Enrich Elasticsearch via MySQL based on field value

Hi,

I'm importing a ton of events into elasticsearch via logstash from a S3 bucket with logs.

Based on a specific UUID in every event I would want to fetch the aggregated info from a MySQL database and update/enrich that same event with that extra data, so it can be used later on Kibana.
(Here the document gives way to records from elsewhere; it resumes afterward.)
(* Let $\{\delta(c)\}_{c>0}$ be a family of decentralized sequential tests (not necessarily two-stage) with stopping times $N=N(c)$ and final decisions $D=D(c)$ such that, as $c\to0$, $\mathbf P_m\{D\neq m\}=O(c|\log c|)$ for every $m=0,\dots,M-1$. Then, as $c\to0$, for every $m=0,\dots,M-1$, $$\mathbf E_m\{N\}\ge\frac{|\log c|-\log|\log c|+O(1)}{I(m)}=(1+o(1))\frac{|\log c|}{I(m)}.$$
   Context: Setting: a single sensor observes raw data $X_1,X_2,\dots$ which, under state $m\in\{0,\dots,M-1\}$ (probability $\mathbf P_m$, expectation $\mathbf E_m$), are i.i.d. with density $f_m$ with respect to a common $\sigma$-finite measure. Standing assumption: for all $m\neq m'$, $0<\mathbf E_m[\log(f_m(X_1)/f_{m'}(X_1))]<\infty$. Sensor messages are binary, in $\{0,1\}$. A deterministic quantizer is a measurable map $\phi$ from the observation space to $\{0,1\}$; $\Phi$ is the set of these. A randomized quantizer $\bar\phi=\sum_j p^j\phi^j$ is a probability distribution $(p^j)$ on a countable set $\{\phi^j\}\subset\Phi$; deterministic quantizers are identified with randomized ones putting mass one on themselves; $\bar\Phi$ is the set of all quantizers. For $\phi\in\Phi$, $f_m(u;\phi)=\mathbf P_m(\phi(X_1)=u)$ and $I(m,m';\phi)=\sum_{u}f_m(u;\phi)\log\frac{f_m(u;\phi)}{f_{m'}(u;\phi)}$; for $\bar\phi=\sum_jp^j\phi^j$, $I(m,m';\bar\phi)=\sum_jp^jI(m,m';\phi^j)$; $I(m;\bar\phi)=\min_{m'\neq m}I(m,m';\bar\phi)$; and the maximin information number is $I(m)=\sup_{\bar\phi\in\bar\Phi}I(m;\bar\phi)$. Decentralized test: at each time $n$ the sensor sends $U_n=\tilde\phi_n(X_n)$, where the quantizer $\tilde\phi_n\in\bar\Phi$ (deterministic, or randomized with the randomization either revealed or not revealed to the fusion center) is determined by feedback from past messages $U_1,\dots,U_{n-1}$ (and possibly independent randomization). Let $\mathcal F_{n-1}$ be the $\sigma$-algebra generated by $U_1,\dots,U_{n-1}$ and the quantizers $\tilde\phi_1,\dots,\tilde\phi_n$ as known to the fusion center, so that conditionally on $\mathcal F_{n-1}$, under $\mathbf P_m$, $U_n$ has probability mass function $u\mapsto\mathbf P_m(\tilde\phi_n(X_n)=u)$. The test consists of a stopping time $N$ with respect to $(\mathcal F_n)$ and an $\mathcal F_N$-measurable final decision $D\in\{0,\dots,M-1\}$. *)

theory Defs
  imports "HOL-Probability.Probability" "HOL-Library.Landau_Symbols"
begin

text \<open>Binary messages are modelled by bool (True = 1, False = 0).
  A deterministic quantizer is a measurable map from the observation space to bool.\<close>

type_synonym 'x quant = "'x \<Rightarrow> bool"

text \<open>A fusion-center history: the quantizers used so far (as known to the fusion
  center) together with the messages received.\<close>
type_synonym 'x hist = "('x quant \<times> bool) list"

text \<open>Fusion-center information after n messages: the history of length n and the
  quantizer to be used at the next step (F_n in the paper).\<close>
type_synonym 'x state = "'x hist \<times> 'x quant"

definition Qm :: "'x measure \<Rightarrow> (nat \<Rightarrow> 'x \<Rightarrow> real) \<Rightarrow> nat \<Rightarrow> 'x measure" where
  "Qm \<mu> f m = density \<mu> (\<lambda>x. ennreal (f m x))"

definition Phi :: "'x measure \<Rightarrow> 'x quant set" where
  "Phi \<mu> = measurable \<mu> (count_space UNIV)"

definition qpmf :: "'x measure \<Rightarrow> (nat \<Rightarrow> 'x \<Rightarrow> real) \<Rightarrow> nat \<Rightarrow> 'x quant \<Rightarrow> bool \<Rightarrow> real" where
  "qpmf \<mu> f m \<phi> u = measure (Qm \<mu> f m) {x \<in> space \<mu>. \<phi> x = u}"

text \<open>I(m,m';phi) for a deterministic quantizer (convention 0 log(0/a) = 0).\<close>
definition Idet :: "'x measure \<Rightarrow> (nat \<Rightarrow> 'x \<Rightarrow> real) \<Rightarrow> nat \<Rightarrow> nat \<Rightarrow> 'x quant \<Rightarrow> real" where
  "Idet \<mu> f m m' \<phi> = (\<Sum>u\<in>(UNIV::bool set). qpmf \<mu> f m \<phi> u * ln (qpmf \<mu> f m \<phi> u / qpmf \<mu> f m' \<phi> u))"

text \<open>Randomized quantizers: probability distributions with countable support (pmf)
  on deterministic quantizers; I(m,m';bar phi) = sum_j p^j I(m,m';phi^j).\<close>
definition Irand :: "'x measure \<Rightarrow> (nat \<Rightarrow> 'x \<Rightarrow> real) \<Rightarrow> nat \<Rightarrow> nat \<Rightarrow> 'x quant pmf \<Rightarrow> real" where
  "Irand \<mu> f m m' p = measure_pmf.expectation p (Idet \<mu> f m m')"

definition randomized_quantizers :: "'x measure \<Rightarrow> 'x quant pmf set" where
  "randomized_quantizers \<mu> = {p. set_pmf p \<subseteq> Phi \<mu>}"

definition Imin :: "nat \<Rightarrow> 'x measure \<Rightarrow> (nat \<Rightarrow> 'x \<Rightarrow> real) \<Rightarrow> nat \<Rightarrow> 'x quant pmf \<Rightarrow> real" where
  "Imin M \<mu> f m p = Min ((\<lambda>m'. Irand \<mu> f m m' p) ` {m'. m' < M \<and> m' \<noteq> m})"

definition Imaximin :: "nat \<Rightarrow> 'x measure \<Rightarrow> (nat \<Rightarrow> 'x \<Rightarrow> real) \<Rightarrow> nat \<Rightarrow> real" where
  "Imaximin M \<mu> f m = (SUP p \<in> randomized_quantizers \<mu>. Imin M \<mu> f m p)"

text \<open>A decentralized test is given by a feedback policy pol (the law of the next
  deterministic quantizer given everything the fusion center knows; this covers
  deterministic feedback and randomization), a stopping rule stop and a decision
  rule dec, both functions of the fusion-center information.
  traj ... m n is the law under P_m of the fusion-center information after n messages:
  conditionally on it, U_{n+1} is Bernoulli with parameter P_m(phi(X)=1).\<close>
primrec traj :: "'x measure \<Rightarrow> (nat \<Rightarrow> 'x \<Rightarrow> real) \<Rightarrow> ('x hist \<Rightarrow> 'x quant pmf)
    \<Rightarrow> nat \<Rightarrow> nat \<Rightarrow> 'x state pmf" where
  "traj \<mu> f pol m 0 = map_pmf (\<lambda>\<phi>. ([], \<phi>)) (pol [])"
| "traj \<mu> f pol m (Suc n) =
     bind_pmf (traj \<mu> f pol m n) (\<lambda>(h, \<phi>).
       bind_pmf (bernoulli_pmf (qpmf \<mu> f m \<phi> True)) (\<lambda>u.
         map_pmf (\<lambda>\<phi>'. (h @ [(\<phi>, u)], \<phi>')) (pol (h @ [(\<phi>, u)]))))"

text \<open>The information available after k messages, extracted from a later state.\<close>
definition prefix_state :: "nat \<Rightarrow> 'x state \<Rightarrow> 'x state" where
  "prefix_state k s = (take k (fst s), if k < length (fst s) then fst (fst s ! k) else snd s)"

text \<open>N = LEAST n. stop (information after n messages).\<close>
definition stopped_by :: "('x state \<Rightarrow> bool) \<Rightarrow> nat \<Rightarrow> 'x state \<Rightarrow> bool" where
  "stopped_by stop n s = (\<exists>k\<le>n. stop (prefix_state k s))"

definition stops_at :: "('x state \<Rightarrow> bool) \<Rightarrow> nat \<Rightarrow> 'x state \<Rightarrow> bool" where
  "stops_at stop n s = (stop (prefix_state n s) \<and> (\<forall>k<n. \<not> stop (prefix_state k s)))"

text \<open>E_m[N] = sum_{n>=0} P_m(N > n)  (equals infinity if P_m(N = infinity) > 0).\<close>
definition expected_N :: "'x measure \<Rightarrow> (nat \<Rightarrow> 'x \<Rightarrow> real) \<Rightarrow> ('x hist \<Rightarrow> 'x quant pmf)
    \<Rightarrow> ('x state \<Rightarrow> bool) \<Rightarrow> nat \<Rightarrow> ennreal" where
  "expected_N \<mu> f pol stop m =
     (\<Sum>n. ennreal (measure_pmf.prob (traj \<mu> f pol m n) {s. \<not> stopped_by stop n s}))"

definition error_prob :: "'x measure \<Rightarrow> (nat \<Rightarrow> 'x \<Rightarrow> real) \<Rightarrow> ('x hist \<Rightarrow> 'x quant pmf)
    \<Rightarrow> ('x state \<Rightarrow> bool) \<Rightarrow> ('x state \<Rightarrow> nat) \<Rightarrow> nat \<Rightarrow> real" where
  "error_prob \<mu> f pol stop dec m =
     (\<Sum>n. measure_pmf.prob (traj \<mu> f pol m n) {s. stops_at stop n s \<and> dec s \<noteq> m})"

end

(* Fix the true
   state m and a time n; the information at the fusion center at time min N n is a stopped
   message process whose laws under m and under m' differ by the likelihood ratio of the
   messages.  Their divergence D_n(m, m') satisfies
   (1) Wald's identity: D_n is the expected sum of the quantized informations I(m, m'; phi_k)
       over the steps before min N n; averaging the quantizers used gives a randomized
       quantizer, so for the m' hardest to tell from m, D_n <= E_m[min N n] I(m);
   (2) data processing on the event "stopped and decided m": if all error probabilities are
       at most a and P_m(N > n) is small, then D_n >= ln(1/a) - 4.
   Hence E_m[N] >= (ln(1/a) - 4) / I(m), and a = K c |ln c| gives the theorem. *)

theory Submission
  imports Defs "HOL-Real_Asymp.Real_Asymp"
begin

subsection \<open>Elementary inequalities\<close>

lemma ln_ge_one_minus_inverse:
  fixes x :: real assumes "0 < x" shows "1 - 1 / x \<le> ln x"
proof -
  have "ln (1 / x) \<le> 1 / x - 1" using assms by (intro ln_le_minus_one) auto
  then show ?thesis using assms by (simp add: ln_div)
qed

lemma ln_tangent_lower:
  fixes r u :: real assumes "0 < r" "0 < u" shows "ln r + 1 - r / u \<le> ln u"
  using ln_ge_one_minus_inverse[of "u / r"] assms by (simp add: ln_div)

text \<open>The convex function generating the Kullback--Leibler divergence:
  for a likelihood ratio L, the expectation of kl_fun L under the denominator law is
  the divergence of the numerator law.\<close>
definition kl_fun :: "real \<Rightarrow> real" where
  "kl_fun x = x * ln x - x + 1"

lemma kl_fun_tangent:
  fixes L r :: real assumes L: "0 \<le> L" and r: "0 < r"
  shows "kl_fun r + ln r * (L - r) \<le> kl_fun L"
proof (cases "L = 0")
  case False
  then have Lp: "0 < L" using L by simp
  have "L * (ln r + 1 - r / L) \<le> L * ln L"
    using Lp r by (intro mult_left_mono ln_tangent_lower) auto
  then show ?thesis using Lp by (simp add: kl_fun_def algebra_simps)
qed (use r in \<open>simp add: kl_fun_def\<close>)

lemma kl_fun_nonneg: "0 \<le> x \<Longrightarrow> 0 \<le> kl_fun x"
  using kl_fun_tangent[of x 1] by (simp add: kl_fun_def)

text \<open>The contribution of one message value u (with probabilities a under the numerator
  and b under the denominator law) to the divergence after a step, starting from
  likelihood ratio L.\<close>
lemma kl_fun_scaled_ratio:
  fixes a b L :: real
  assumes a: "0 \<le> a" and b: "0 \<le> b" and ab: "b = 0 \<Longrightarrow> a = 0" and L: "0 \<le> L"
  shows "b * kl_fun (L * \<bar>a / b\<bar>) = L * a * ln L + L * a * ln (a / b) - L * a + b"
proof (cases "a = 0 \<or> L = 0")
  case True then show ?thesis by (auto simp: kl_fun_def)
next
  case False
  then have ap: "0 < a" and Lp: "0 < L" and bp: "0 < b" using a b ab L by force+
  have "ln (L * (a / b)) = ln L + ln (a / b)" using ap bp Lp by (intro ln_mult_pos) auto
  moreover have "b * kl_fun (L * \<bar>a / b\<bar>) = L * a * ln (L * (a / b)) - L * a + b"
    using ap bp by (simp add: kl_fun_def algebra_simps)
  ultimately show ?thesis by (simp add: algebra_simps)
qed

lemma kl_fun_jensen_integrable:
  fixes Q :: "'a measure" and L :: "'a \<Rightarrow> real"
  assumes Q: "finite_measure Q" and S: "S \<in> sets Q" and L: "\<And>s. 0 \<le> L s"
    and L_int: "integrable Q (\<lambda>s. indicator S s * L s)"
    and kl_int: "integrable Q (\<lambda>s. indicator S s * kl_fun (L s))"
    and pS: "(\<integral>s. indicator S s * L s \<partial>Q) = pS" "0 < pS" and qS: "0 < measure Q S"
  shows "measure Q S * kl_fun (pS / measure Q S) \<le> (\<integral>s. indicator S s * kl_fun (L s) \<partial>Q)"
proof -
  interpret finite_measure Q by (rule Q)
  define qS where "qS = measure Q S"
  define r where "r = pS / qS"
  have r: "0 < r" and rq: "r * qS = pS" using pS qS by (auto simp: r_def qS_def)
  have S_int: "integrable Q (indicator S :: 'a \<Rightarrow> real)"
    using S by (simp add: integrable_indicator_iff less_top[symmetric])
  have "(\<integral>s. indicator S s * (kl_fun r - ln r * r) + ln r * (indicator S s * L s) \<partial>Q)
      = qS * (kl_fun r - ln r * r) + ln r * pS"
    using S_int L_int S pS by (simp add: qS_def)
  then have "qS * kl_fun r = (\<integral>s. indicator S s * (kl_fun r - ln r * r) + ln r * (indicator S s * L s) \<partial>Q)"
    unfolding rq[symmetric] by (simp add: algebra_simps)
  also have "\<dots> \<le> (\<integral>s. indicator S s * kl_fun (L s) \<partial>Q)"
  proof (rule integral_mono[OF _ kl_int])
    show "integrable Q (\<lambda>s. indicator S s * (kl_fun r - ln r * r) + ln r * (indicator S s * L s))"
      using S_int L_int
        by (intro Bochner_Integration.integrable_add integrable_mult_left integrable_mult_right)
    show "indicator S s * (kl_fun r - ln r * r) + ln r * (indicator S s * L s)
        \<le> indicator S s * kl_fun (L s)" for s
      using kl_fun_tangent[OF L r, of s] by (auto simp: indicator_def algebra_simps)
  qed
  finally show ?thesis by (simp add: qS_def r_def)
qed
Is there a way I can accomplish this?

TIA

Hi,
I'm afraid I'd need some more info to be able to help you. Can you post what the data looks like and what you want to do with it exactly please?

Hi @javanna

Well, our log entries look something like this:

web	2016-06-23 15:17:55.612	2016-06-23 14:59:53.000		unstruct	9f8aaa2f-b24f-4c8b-8ca6-f6289f072a85			custom	clj-1.1.0-tom-0.2.0	hadoop-1.6.0-common-0.21.0		93.XXX.243.XXX				07eae7d2-04ae-464f-8cd0-98a917bb9975												http://xxx.com/test			http	xx.com	80	/test																							{"schema":"iglu:com.snowplowanalytics.snowplow/unstruct_event/jsonschema/1-0-0","data":{"schema":"iglu:com.xxx/open/jsonschema/1-0-1","data":{"cid":"2253450","eid":"2231323","uid":"21"}}}																			Mozilla/5.0 (Macintosh; Intel Mac OS X 10_11_5) AppleWebKit/537.36 (KHTML, like Gecko) Chrome/51.0.2704.103 Safari/537.36																																															2016-06-23 14:59:53.000	com.xxx	open	jsonschema	1-0-1		

Within logstash we're able to parse all the parameters, including the ones on jsonschema.
So our idea is, based on cid, eid, and uid values passed, being able to lookup a MySQL database and retrieve some extra info that allow us to enrich the event data. Let's say gender, age, anything else... that would allow us to do more consistent reports on Kibana.

I've found a plugin for Logstash the would do just that but is yet to be developed.

Right now there's no built-in functionality to handle jdbc at the filter stage. Currently there's a community-made jdbc filter by one of the most involved contributors to logstash, but I haven't tested it myself.

An alternative, that I used to do in my last job, is to use a zeromq filter and a small application that speaks zeromq and executes queries using a ruby library like sequel.